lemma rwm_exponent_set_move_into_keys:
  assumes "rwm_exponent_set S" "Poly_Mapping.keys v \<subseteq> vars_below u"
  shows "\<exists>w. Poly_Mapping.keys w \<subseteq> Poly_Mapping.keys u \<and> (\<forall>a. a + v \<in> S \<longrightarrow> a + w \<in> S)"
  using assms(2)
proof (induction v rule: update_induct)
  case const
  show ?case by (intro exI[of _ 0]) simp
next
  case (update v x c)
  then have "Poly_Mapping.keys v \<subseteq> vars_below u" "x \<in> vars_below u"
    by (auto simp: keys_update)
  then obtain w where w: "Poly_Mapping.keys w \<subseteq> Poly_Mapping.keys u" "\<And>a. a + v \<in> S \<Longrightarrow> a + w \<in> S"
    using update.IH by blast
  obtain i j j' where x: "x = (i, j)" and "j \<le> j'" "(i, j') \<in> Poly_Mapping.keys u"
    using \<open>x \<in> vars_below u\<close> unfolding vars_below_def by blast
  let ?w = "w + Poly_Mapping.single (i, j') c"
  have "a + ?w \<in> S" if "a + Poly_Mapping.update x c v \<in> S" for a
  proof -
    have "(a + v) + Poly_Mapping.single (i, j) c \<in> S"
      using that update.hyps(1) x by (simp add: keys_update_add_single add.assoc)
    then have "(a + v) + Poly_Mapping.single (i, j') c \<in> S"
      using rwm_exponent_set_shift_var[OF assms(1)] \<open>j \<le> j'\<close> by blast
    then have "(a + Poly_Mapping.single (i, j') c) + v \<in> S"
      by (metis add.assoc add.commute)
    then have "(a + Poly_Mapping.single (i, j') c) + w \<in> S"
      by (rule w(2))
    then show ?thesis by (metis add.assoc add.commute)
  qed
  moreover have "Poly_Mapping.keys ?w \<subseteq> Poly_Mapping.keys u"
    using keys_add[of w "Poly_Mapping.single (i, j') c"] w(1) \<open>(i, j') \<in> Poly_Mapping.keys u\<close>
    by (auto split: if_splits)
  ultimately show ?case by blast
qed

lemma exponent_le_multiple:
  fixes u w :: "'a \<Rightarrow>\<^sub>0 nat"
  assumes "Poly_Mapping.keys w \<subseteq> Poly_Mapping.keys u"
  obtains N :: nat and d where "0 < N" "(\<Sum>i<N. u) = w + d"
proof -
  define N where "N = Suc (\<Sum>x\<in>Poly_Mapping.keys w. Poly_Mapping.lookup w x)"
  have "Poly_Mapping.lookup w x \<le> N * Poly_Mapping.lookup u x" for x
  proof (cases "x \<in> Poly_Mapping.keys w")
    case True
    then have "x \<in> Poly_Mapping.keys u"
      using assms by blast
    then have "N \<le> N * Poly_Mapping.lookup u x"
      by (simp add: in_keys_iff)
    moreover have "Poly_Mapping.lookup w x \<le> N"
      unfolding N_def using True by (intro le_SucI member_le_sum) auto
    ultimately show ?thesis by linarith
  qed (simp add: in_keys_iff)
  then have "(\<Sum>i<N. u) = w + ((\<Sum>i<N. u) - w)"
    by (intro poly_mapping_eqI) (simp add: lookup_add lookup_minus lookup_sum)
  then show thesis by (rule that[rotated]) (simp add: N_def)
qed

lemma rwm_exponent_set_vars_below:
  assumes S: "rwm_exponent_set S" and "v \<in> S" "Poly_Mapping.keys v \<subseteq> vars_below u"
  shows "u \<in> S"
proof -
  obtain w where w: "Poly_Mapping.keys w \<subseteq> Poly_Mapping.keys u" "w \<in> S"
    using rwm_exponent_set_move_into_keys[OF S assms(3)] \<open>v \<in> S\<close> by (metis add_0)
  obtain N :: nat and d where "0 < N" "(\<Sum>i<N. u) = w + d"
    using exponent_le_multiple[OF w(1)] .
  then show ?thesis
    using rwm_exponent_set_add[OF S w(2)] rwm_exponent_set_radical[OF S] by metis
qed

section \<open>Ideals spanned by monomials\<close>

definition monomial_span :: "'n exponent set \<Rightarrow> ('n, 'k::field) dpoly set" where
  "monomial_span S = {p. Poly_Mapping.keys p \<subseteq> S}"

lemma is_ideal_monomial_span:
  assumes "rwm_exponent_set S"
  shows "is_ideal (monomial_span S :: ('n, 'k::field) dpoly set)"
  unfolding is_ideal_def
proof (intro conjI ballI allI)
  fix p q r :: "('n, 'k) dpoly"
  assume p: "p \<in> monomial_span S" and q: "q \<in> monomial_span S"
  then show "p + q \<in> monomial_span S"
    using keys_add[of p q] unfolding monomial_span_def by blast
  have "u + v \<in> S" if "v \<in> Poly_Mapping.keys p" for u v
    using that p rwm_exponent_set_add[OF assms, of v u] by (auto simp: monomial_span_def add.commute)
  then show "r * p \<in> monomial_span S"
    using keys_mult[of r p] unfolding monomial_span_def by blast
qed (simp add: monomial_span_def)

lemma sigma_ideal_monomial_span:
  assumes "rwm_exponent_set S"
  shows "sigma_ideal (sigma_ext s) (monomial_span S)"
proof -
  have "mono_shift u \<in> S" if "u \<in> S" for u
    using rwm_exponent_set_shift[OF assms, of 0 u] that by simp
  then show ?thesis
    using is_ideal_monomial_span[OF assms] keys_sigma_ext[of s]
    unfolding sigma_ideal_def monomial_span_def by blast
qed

YOUR GOAL: Only lines of the data holding the word "proof" go in the answer. Please copy each of them.

ANSWER SPACE:
proof (induction v rule: update_induct)
  proof -
proof -
  proof (cases "x \<in> Poly_Mapping.keys w")
proof -
proof (intro conjI ballI allI)
proof -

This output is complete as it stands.